The syntax for backward is [dLdX1,…,dLdXn,dLdW1,…,dLdWk] = backward(layer,X1,…,Xn,Z1,…,Zm,dLdZ1,…,dLdZm,memory), where:

• X1,…,Xn are the n layer inputs

• Z1,…,Zm are the m outputs of the layer forward functions

• dLdZ1,…,dLdZm are the gradients backward propagated from the next layer

• memory is the memory output of forward if forward is defined, otherwise, memory is [].

For the outputs, dLdX1,…,dLdXn are the derivatives of the loss with respect to the layer inputs and dLdW1,…,dLdWk are the derivatives of the loss with respect to the k learnable parameters. To reduce memory usage by preventing unused variables being saved between the forward and backward pass, replace the corresponding input arguments with ~.

Tip

If the number of inputs to backward can vary, then use varargin instead of the input arguments after layer. In this case, varargin is a cell array of the inputs, where varargin{i} corresponds to Xi for i=1,…,NumInputs, varargin{NumInputs+j} and varargin{NumInputs+NumOutputs+j} correspond to Zj and dLdZj, respectively, for j=1,…,NumOutputs, and varargin{end} corresponds to memory.

If the number of outputs can vary, then use varargout instead of the output arguments. In this case, varargout is a cell array of the outputs, where varargout{i} corresponds to dLdXi for i=1,…,NumInputs and varargout{NumInputs+t} corresponds to dLdWt for t=1,…,k, where k is the number of learnable parameters.

The values of X1,…,Xn and Z1,…,Zm are the same as in the forward functions. The dimensions of dLdZ1,…,dLdZm are the same as the dimensions of Z1,…,Zm, respectively.
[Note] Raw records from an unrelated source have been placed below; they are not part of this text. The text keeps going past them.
lemma card_fixed_points_dp_fibre: "\<pi> \<in> dp_fibre n \<sigma> \<Longrightarrow> card (fixed_points \<pi>) = n - length \<sigma>"
  using card_fixed_points_add_length_dp[of \<pi>] by (auto simp: dp_fibre_def perms_def)

lemma dp_fibre_derangement: "\<sigma> \<in> derangements k \<Longrightarrow> dp_fibre k \<sigma> = {\<sigma>}"
proof
  assume \<sigma>: "\<sigma> \<in> derangements k"
  then show "{\<sigma>} \<subseteq> dp_fibre k \<sigma>" using dp_derangement by (auto simp: derangements_iff dp_fibre_def)
  show "dp_fibre k \<sigma> \<subseteq> {\<sigma>}"
  proof
    fix \<pi> assume \<pi>: "\<pi> \<in> dp_fibre k \<sigma>"
    have "length \<sigma> = k" using \<sigma> by (simp add: derangements_iff perms_def)
    then have "fixed_points \<pi> = {}"
      using card_fixed_points_dp_fibre[OF \<pi>] finite_fixed_points[of \<pi>] by simp
    then show "\<pi> \<in> {\<sigma>}" using \<pi> dp_derangement by (auto simp: dp_fibre_def)
  qed
qed

lemma bij_betw_insert_fixed_dp_fibre:
  "bij_betw (\<lambda>(\<tau>, p). (insert_fixed \<tau> p, p)) (dp_fibre N \<sigma> \<times> {1..Suc N})
     (SIGMA \<pi>:dp_fibre (Suc N) \<sigma>. fixed_points \<pi>)"
  (is "bij_betw ?ins ?A ?B")
proof (rule bij_betw_byWitness[where f' = "\<lambda>(\<pi>, f). (delete_fixed \<pi> f, f)"])
  let ?del = "\<lambda>(\<pi>, f). (delete_fixed \<pi> f, f)"
  show "\<forall>x\<in>?A. ?del (?ins x) = x"
    by (auto simp: dp_fibre_def perms_def delete_insert_fixed)
  show "\<forall>y\<in>?B. ?ins (?del y) = y"
    by (auto simp: dp_fibre_def fixed_points_def intro!: insert_delete_fixed perms_imp_distinct)
  show "?ins ` ?A \<subseteq> ?B"
  proof (rule image_subsetI)
    fix x assume "x \<in> ?A"
    then obtain \<tau> p where x: "x = (\<tau>, p)" "\<tau> \<in> dp_fibre N \<sigma>" "p \<in> {1..Suc N}" by blast
    then have "\<tau> \<in> perms N" "dp \<tau> = \<sigma>" "length \<tau> = N" "1 \<le> p" "p \<le> Suc N"
      by (auto simp: dp_fibre_def perms_def)
    then show "?ins x \<in> ?B"
      by (simp add: x dp_fibre_def insert_fixed_in_perms dp_insert_fixed fixed_in_fixed_points_insert_fixed)
  qed
  show "?del ` ?B \<subseteq> ?A"
  proof (rule image_subsetI)
    fix y assume "y \<in> ?B"
    then obtain \<pi> f where y: "y = (\<pi>, f)" and \<pi>: "\<pi> \<in> dp_fibre (Suc N) \<sigma>" and f: "f \<in> fixed_points \<pi>"
      by blast
    have \<pi>_perm: "\<pi> \<in> perms (Suc N)" and "dp \<pi> = \<sigma>" using \<pi> by (auto simp: dp_fibre_def)
    have f': "1 \<le> f" "f \<le> Suc N" "\<pi> ! (f - 1) = f" using f \<pi>_perm by (auto simp: fixed_points_def perms_def)
    have d: "delete_fixed \<pi> f \<in> perms N" by (rule delete_fixed_in_perms[OF \<pi>_perm f'])
    have "insert_fixed (delete_fixed \<pi> f) f = \<pi>"
      using insert_delete_fixed[OF perms_imp_distinct[OF \<pi>_perm]] f' \<pi>_perm by (simp add: perms_def)
    then have "dp (delete_fixed \<pi> f) = \<sigma>"
      using dp_insert_fixed[of f "delete_fixed \<pi> f"] d f' \<open>dp \<pi> = \<sigma>\<close> by (simp add: perms_def)
    then show "?del y \<in> ?A" using d f' by (simp add: y dp_fibre_def)
  qed
qed

lemma qint_card_eq_sum:
  fixes F :: "'a::linorder set"
  shows "finite F \<Longrightarrow> qint (card F) = (\<Sum>f\<in>F. qvar ^ card {g \<in> F. f < g})"
  using sum_card_greater_eq_sum_lessThan[of F "\<lambda>i. qvar ^ i"] by (simp add: qint_def)

lemma signed_maj_insert_fixed:
  assumes "\<tau> \<in> perms N" "p \<in> {1..Suc N}"
  shows "qvar ^ card {g \<in> fixed_points (insert_fixed \<tau> p). p < g} * signed_maj (insert_fixed \<tau> p)
    = (-1) ^ inversions \<tau> * qvar ^ (maj (insert_fixed \<tau> p) + card {g \<in> fixed_points \<tau>. p \<le> g})"
proof -
  have "length \<tau> = N" using assms by (simp add: perms_def)
  then have "card {g \<in> fixed_points (insert_fixed \<tau> p). p < g} = card {g \<in> fixed_points \<tau>. p \<le> g}"
    using assms by (simp add: fixed_points_insert_fixed_greater card_image)
  then show ?thesis
    using power_inversions_insert_fixed[where 'a = "int poly", of \<tau> N p] assms by (simp add: signed_maj_def power_add ac_simps)
qed

lemma sum_signed_maj_insert_fixed:
  assumes "\<tau> \<in> perms N"
  shows "(\<Sum>p\<in>{1..Suc N}. qvar ^ card {g \<in> fixed_points (insert_fixed \<tau> p). p < g} * signed_maj (insert_fixed \<tau> p))
    = qint (Suc N) * signed_maj \<tau>"
proof -
  have "(\<Sum>p\<in>{1..Suc N}. qvar ^ card {g \<in> fixed_points (insert_fixed \<tau> p). p < g} * signed_maj (insert_fixed \<tau> p))
      = (-1) ^ inversions \<tau> * (\<Sum>p\<in>{1..Suc N}. qvar ^ (maj (insert_fixed \<tau> p) + card {g \<in> fixed_points \<tau>. p \<le> g}))"
    unfolding sum_distrib_left using assms by (intro sum.cong refl signed_maj_insert_fixed)
  also have "\<dots> = qint (Suc N) * signed_maj \<tau>"
    using sum_power_maj_insert_fixed[OF assms, of qvar] by (simp add: qint_def signed_maj_def ac_simps)
  finally show ?thesis .
qed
The dimensions and data type of dLdX1,…,dLdxn are the same as the dimensions and data type of X1,…,Xn, respectively. The dimensions and data types of dLdW1,…,dLdWk are the same as the dimensions and data types of W1,…,Wk, respectively.

To calculate the derivatives of the loss, you can use the chain rule:

$\frac{\partial L}{\partial {X}^{\left(i\right)}}=\sum _{j}^{}\frac{\partial L}{\partial {z}_{j}}\frac{\partial {z}_{j}}{\partial {X}^{\left(i\right)}}$

$\frac{\partial L}{\partial {W}_{i}}=\sum _{j}\frac{\partial L}{\partial {Z}_{j}}\frac{\partial {Z}_{j}}{\partial {W}_{i}}$

When using the trainNetwork function, the layer automatically updates the learnable parameters using the derivatives dLdW1,…,dLdWk during the backward pass.

For an example showing how to define a custom backward function, see Specify Custom Layer Backward Function.

#### GPU Compatibility

If the layer forward functions fully support dlarray objects, then the layer is GPU compatible. Otherwise, to be GPU compatible, the layer functions must support inputs and return outputs of type gpuArray (Parallel Computing Toolbox).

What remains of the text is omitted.